Input material:
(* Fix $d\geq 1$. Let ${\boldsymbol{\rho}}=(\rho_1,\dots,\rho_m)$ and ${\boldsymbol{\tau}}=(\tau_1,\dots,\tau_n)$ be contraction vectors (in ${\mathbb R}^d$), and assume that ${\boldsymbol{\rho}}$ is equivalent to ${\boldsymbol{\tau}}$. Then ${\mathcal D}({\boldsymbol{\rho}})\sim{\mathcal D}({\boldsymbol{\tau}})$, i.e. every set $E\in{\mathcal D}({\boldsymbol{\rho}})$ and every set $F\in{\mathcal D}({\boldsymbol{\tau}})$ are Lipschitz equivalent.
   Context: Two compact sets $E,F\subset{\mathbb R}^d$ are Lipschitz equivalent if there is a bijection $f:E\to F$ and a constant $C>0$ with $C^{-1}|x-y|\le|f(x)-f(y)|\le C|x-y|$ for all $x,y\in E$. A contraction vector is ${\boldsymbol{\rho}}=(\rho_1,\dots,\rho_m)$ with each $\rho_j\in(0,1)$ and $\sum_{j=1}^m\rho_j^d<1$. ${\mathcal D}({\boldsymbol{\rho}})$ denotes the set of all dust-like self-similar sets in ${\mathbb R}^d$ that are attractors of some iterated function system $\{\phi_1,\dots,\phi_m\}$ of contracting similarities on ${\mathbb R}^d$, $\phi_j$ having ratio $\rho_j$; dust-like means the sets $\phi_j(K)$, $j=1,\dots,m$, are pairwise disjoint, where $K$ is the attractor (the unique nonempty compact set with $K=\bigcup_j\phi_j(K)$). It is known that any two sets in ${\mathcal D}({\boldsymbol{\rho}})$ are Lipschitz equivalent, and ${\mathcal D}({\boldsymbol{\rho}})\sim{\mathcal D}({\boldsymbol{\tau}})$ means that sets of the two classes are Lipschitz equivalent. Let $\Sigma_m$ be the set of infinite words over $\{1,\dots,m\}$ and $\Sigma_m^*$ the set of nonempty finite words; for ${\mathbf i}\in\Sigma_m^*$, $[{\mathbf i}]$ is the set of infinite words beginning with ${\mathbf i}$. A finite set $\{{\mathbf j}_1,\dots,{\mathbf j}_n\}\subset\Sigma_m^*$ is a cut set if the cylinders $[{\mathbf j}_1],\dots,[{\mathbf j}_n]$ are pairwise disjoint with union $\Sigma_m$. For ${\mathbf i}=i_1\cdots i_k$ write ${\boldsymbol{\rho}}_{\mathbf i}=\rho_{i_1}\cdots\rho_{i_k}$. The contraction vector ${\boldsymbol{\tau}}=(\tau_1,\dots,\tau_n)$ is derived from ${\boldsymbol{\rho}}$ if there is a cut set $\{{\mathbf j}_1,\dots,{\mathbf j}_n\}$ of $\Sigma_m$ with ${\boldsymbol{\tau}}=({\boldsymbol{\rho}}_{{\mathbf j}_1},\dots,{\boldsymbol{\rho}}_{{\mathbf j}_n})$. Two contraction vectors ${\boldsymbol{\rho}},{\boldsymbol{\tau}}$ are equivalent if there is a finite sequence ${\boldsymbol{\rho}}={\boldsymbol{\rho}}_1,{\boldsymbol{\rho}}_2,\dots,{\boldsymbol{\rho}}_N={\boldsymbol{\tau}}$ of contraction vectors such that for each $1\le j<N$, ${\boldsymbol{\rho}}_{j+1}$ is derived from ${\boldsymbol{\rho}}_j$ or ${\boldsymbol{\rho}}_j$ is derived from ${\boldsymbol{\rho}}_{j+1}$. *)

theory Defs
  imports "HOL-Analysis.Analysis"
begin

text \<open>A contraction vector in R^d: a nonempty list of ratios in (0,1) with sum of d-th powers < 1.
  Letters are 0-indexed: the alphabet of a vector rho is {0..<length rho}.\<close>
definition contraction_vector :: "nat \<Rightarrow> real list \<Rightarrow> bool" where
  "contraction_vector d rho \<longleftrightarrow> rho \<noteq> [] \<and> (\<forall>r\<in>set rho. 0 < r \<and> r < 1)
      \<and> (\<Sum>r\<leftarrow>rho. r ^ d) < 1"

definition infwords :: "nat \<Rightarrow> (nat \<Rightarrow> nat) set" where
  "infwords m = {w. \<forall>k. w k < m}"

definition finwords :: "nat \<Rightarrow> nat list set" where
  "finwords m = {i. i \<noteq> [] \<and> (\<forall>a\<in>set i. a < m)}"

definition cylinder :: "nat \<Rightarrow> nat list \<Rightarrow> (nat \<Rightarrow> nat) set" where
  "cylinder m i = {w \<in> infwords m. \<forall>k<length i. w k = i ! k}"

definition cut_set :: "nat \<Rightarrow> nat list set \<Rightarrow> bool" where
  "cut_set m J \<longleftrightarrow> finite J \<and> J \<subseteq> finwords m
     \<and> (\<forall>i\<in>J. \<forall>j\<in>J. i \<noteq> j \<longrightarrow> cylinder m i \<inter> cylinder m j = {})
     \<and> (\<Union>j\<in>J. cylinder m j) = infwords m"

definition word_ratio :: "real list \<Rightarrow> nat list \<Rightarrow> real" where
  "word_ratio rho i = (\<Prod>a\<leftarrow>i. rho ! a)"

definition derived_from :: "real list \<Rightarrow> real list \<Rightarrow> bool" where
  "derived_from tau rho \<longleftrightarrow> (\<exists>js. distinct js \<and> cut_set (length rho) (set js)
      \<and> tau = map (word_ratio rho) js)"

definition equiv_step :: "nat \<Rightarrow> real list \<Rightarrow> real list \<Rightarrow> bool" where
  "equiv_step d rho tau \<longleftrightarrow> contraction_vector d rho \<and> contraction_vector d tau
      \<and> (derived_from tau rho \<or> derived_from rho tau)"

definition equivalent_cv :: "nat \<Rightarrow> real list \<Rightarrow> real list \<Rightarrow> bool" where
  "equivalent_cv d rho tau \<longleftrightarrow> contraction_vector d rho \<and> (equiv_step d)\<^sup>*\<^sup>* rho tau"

* * *

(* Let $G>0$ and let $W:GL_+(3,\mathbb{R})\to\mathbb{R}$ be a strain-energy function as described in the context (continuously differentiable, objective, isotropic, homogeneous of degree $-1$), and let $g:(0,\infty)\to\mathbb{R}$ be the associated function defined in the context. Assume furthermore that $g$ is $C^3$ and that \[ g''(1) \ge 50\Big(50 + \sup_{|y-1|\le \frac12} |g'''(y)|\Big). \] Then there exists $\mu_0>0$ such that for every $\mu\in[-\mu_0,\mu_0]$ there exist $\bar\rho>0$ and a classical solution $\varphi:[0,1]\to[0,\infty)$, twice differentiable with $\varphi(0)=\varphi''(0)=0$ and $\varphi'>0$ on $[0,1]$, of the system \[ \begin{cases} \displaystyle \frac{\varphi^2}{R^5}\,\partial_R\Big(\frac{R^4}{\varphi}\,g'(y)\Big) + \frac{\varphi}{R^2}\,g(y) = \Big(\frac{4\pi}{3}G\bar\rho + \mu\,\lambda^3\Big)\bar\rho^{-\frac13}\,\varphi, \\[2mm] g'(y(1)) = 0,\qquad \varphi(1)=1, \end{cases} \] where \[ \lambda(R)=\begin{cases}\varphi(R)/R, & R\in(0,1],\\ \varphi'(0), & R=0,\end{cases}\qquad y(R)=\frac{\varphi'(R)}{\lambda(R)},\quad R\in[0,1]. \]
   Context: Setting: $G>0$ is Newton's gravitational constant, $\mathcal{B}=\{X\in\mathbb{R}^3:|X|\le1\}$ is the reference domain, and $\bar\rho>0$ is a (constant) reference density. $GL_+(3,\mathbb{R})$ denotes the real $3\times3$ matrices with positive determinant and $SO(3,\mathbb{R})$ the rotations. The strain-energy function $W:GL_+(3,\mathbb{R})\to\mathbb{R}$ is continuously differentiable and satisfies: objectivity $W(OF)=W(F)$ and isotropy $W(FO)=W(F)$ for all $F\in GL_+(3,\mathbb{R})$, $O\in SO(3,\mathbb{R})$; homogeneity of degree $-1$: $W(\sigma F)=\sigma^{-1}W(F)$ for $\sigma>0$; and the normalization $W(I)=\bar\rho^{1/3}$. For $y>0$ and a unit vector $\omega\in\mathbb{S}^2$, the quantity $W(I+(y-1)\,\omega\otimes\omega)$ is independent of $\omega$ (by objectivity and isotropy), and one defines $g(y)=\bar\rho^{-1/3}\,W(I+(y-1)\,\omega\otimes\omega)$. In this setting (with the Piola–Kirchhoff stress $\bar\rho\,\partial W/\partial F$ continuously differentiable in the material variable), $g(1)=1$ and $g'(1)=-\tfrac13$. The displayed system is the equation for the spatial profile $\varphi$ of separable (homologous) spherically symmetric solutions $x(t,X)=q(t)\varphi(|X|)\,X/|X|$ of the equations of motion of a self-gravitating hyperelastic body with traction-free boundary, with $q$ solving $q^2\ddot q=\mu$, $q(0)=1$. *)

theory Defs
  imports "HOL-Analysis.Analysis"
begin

--

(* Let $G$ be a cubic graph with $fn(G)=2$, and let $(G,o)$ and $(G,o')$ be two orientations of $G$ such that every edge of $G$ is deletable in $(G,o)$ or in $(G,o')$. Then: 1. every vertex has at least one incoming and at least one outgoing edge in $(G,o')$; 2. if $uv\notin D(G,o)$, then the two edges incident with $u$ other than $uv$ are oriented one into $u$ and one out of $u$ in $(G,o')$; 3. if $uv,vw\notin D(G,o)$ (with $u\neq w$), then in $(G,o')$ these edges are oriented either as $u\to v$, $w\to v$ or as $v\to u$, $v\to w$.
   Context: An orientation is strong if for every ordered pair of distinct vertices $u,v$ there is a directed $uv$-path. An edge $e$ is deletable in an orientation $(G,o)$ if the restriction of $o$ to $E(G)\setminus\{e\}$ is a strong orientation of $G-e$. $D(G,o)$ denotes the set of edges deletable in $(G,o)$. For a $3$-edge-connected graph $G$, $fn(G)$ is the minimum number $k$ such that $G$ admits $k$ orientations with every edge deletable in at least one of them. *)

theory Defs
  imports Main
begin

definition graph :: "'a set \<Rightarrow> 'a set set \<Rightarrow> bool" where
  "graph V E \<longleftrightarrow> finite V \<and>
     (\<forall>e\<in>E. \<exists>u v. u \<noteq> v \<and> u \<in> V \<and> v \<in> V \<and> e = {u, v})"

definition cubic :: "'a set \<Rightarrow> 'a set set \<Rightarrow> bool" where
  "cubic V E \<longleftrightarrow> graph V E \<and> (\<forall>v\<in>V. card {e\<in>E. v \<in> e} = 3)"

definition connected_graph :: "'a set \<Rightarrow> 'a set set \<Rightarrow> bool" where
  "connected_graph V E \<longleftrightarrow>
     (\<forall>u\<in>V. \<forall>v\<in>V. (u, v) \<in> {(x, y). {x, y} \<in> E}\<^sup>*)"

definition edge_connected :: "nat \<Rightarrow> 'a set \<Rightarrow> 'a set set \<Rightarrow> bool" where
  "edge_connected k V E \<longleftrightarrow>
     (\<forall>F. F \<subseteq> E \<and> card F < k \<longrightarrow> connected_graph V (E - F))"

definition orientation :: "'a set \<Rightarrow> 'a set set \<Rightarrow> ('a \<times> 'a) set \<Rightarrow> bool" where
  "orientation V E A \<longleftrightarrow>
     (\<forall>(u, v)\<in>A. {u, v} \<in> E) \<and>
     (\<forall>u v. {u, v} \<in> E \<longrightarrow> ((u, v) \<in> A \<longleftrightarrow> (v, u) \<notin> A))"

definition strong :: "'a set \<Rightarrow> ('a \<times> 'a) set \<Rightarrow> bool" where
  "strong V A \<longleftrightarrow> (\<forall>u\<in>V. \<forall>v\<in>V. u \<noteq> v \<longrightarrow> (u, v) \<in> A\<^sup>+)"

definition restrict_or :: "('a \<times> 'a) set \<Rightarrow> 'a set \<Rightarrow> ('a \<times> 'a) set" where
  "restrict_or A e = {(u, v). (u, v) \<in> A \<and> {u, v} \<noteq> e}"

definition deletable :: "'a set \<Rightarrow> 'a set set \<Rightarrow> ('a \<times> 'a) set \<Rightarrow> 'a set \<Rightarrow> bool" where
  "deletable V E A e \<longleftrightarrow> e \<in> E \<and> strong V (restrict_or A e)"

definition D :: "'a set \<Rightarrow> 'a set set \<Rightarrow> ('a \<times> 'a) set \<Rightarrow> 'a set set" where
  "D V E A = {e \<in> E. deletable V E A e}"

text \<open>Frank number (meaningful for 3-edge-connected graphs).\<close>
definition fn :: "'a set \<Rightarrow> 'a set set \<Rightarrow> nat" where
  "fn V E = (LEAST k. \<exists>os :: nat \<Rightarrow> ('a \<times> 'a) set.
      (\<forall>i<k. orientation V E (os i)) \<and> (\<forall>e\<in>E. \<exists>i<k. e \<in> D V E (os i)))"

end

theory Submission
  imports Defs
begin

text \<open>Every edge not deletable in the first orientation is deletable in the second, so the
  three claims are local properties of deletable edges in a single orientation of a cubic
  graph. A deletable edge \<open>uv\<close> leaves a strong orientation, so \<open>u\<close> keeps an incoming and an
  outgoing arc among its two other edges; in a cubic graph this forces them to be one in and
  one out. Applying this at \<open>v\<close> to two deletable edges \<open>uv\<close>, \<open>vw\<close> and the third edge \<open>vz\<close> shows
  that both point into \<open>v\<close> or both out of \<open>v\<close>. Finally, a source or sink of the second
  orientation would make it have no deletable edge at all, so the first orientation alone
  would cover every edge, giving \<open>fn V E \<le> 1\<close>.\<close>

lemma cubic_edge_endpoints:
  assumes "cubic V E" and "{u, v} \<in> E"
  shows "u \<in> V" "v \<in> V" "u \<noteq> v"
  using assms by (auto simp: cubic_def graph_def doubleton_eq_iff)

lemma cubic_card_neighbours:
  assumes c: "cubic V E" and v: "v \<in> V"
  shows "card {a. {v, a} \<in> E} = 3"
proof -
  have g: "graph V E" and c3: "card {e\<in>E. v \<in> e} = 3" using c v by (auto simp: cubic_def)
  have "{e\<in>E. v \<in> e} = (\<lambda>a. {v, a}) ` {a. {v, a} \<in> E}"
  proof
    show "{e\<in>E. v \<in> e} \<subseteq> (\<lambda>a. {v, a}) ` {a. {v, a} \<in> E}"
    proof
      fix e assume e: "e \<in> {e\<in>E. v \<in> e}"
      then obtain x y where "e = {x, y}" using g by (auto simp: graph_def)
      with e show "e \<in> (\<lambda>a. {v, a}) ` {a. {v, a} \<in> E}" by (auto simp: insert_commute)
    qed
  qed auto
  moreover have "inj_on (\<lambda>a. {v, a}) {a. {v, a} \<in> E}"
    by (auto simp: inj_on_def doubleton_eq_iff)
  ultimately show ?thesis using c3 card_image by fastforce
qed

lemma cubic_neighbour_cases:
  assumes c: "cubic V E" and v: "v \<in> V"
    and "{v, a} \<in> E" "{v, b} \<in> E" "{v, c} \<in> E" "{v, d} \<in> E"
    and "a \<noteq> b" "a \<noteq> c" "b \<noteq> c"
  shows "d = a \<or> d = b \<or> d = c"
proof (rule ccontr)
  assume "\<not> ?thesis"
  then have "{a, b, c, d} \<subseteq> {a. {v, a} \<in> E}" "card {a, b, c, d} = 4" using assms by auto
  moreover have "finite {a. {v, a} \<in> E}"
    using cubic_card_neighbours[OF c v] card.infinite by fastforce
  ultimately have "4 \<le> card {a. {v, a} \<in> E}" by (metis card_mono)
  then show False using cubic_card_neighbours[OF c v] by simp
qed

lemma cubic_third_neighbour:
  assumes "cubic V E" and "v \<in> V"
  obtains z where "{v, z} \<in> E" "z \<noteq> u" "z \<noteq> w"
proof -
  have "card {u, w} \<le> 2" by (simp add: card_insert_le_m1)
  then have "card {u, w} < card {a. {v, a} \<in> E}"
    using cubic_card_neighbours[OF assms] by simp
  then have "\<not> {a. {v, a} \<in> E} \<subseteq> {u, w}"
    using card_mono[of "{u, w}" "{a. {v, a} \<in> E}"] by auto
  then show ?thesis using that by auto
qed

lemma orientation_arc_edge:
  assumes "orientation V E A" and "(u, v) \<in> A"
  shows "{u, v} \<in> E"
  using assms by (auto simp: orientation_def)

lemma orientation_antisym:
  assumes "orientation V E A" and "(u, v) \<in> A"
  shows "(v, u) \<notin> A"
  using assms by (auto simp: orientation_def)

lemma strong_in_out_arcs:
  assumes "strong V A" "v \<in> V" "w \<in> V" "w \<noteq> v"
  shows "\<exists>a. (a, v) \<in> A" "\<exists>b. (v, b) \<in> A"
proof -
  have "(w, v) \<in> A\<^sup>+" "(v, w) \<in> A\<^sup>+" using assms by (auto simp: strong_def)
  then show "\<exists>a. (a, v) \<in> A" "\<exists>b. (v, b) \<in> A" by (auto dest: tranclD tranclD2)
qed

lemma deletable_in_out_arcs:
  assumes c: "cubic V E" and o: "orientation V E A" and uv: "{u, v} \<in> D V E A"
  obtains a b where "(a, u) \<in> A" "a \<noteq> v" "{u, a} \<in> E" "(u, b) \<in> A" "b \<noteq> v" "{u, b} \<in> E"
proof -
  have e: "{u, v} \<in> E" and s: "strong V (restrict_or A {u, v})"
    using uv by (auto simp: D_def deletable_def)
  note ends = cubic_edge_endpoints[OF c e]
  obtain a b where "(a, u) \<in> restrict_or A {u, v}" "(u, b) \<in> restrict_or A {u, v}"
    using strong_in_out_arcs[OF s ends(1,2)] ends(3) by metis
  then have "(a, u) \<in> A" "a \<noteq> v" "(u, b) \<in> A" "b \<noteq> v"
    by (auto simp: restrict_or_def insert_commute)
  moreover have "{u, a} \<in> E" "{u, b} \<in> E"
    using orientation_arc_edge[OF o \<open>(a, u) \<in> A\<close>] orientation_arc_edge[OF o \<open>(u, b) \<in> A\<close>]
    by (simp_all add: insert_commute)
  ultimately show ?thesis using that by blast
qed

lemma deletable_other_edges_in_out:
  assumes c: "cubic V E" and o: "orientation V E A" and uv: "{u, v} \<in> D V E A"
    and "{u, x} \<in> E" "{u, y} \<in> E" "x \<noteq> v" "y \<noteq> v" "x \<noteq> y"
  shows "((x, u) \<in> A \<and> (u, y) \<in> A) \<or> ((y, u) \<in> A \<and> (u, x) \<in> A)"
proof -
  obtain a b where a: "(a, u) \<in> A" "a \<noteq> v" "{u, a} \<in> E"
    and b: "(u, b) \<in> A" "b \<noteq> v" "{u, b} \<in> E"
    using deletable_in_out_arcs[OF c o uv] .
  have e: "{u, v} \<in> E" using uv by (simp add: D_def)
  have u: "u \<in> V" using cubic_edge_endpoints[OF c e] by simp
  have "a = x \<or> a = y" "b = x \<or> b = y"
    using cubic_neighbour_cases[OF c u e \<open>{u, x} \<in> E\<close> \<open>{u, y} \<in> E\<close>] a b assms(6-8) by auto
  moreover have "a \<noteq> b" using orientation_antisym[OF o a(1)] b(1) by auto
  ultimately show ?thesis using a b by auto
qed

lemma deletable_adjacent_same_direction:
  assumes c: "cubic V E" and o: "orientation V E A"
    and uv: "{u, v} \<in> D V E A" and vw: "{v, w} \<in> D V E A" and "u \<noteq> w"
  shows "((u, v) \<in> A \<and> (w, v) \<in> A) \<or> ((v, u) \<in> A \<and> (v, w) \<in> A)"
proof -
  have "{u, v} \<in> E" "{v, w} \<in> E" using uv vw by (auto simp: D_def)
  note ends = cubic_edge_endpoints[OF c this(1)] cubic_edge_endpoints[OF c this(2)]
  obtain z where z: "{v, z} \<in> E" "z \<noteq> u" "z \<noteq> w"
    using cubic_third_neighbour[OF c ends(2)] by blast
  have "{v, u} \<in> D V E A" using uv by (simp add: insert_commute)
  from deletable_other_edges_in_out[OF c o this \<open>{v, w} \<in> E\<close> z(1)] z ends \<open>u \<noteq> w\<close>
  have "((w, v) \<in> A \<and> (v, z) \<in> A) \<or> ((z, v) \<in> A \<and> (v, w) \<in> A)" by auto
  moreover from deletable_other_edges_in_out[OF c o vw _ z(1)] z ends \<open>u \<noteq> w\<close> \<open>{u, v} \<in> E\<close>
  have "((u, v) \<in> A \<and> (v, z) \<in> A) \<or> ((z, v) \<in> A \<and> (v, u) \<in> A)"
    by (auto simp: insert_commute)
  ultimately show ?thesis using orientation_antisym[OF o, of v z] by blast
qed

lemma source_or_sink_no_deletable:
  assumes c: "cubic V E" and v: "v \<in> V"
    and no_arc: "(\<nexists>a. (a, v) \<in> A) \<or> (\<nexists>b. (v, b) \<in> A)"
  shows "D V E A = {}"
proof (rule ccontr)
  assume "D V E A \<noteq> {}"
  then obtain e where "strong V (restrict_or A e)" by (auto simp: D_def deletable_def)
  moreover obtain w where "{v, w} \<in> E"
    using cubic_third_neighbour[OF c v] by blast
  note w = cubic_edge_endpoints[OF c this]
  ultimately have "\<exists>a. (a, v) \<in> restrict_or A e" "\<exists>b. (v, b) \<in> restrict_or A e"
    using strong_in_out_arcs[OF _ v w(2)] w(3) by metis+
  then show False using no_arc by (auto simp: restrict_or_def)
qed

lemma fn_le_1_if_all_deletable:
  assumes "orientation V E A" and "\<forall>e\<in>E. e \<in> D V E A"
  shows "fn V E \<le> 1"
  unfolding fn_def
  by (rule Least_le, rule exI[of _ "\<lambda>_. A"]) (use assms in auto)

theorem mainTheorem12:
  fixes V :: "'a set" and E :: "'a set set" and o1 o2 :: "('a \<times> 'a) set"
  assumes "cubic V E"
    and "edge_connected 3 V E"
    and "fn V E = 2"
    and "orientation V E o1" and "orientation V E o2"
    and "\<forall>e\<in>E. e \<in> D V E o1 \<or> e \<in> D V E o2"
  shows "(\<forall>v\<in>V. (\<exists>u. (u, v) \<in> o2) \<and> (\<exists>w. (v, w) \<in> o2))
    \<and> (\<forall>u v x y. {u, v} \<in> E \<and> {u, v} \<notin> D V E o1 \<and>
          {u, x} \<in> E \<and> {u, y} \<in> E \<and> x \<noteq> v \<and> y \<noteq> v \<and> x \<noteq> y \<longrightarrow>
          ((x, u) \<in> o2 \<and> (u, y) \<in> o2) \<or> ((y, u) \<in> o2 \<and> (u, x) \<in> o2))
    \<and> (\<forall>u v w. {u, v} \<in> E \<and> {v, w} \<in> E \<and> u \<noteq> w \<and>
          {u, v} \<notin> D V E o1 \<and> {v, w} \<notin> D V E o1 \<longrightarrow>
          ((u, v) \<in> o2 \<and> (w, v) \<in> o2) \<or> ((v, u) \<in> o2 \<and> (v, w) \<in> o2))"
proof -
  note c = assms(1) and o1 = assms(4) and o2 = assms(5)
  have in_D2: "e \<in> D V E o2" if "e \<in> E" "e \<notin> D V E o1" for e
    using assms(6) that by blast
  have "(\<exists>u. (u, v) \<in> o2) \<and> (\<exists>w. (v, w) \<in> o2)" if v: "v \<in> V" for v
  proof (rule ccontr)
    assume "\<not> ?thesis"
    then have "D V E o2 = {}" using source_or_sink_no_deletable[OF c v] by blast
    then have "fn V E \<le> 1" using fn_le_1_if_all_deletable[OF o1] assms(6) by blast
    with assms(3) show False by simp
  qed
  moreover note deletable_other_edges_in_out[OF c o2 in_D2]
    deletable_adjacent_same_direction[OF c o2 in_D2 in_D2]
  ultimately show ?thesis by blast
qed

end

Your assignment: What the answer needs is every line from the data above with "thesis" in it.

Written reply:
  ultimately show ?thesis using c3 card_image by fastforce
  assume "\<not> ?thesis"
  then show ?thesis using that by auto
  ultimately show ?thesis using that by blast
  ultimately show ?thesis using a b by auto
  ultimately show ?thesis using orientation_antisym[OF o, of v z] by blast
    assume "\<not> ?thesis"
  ultimately show ?thesis by blast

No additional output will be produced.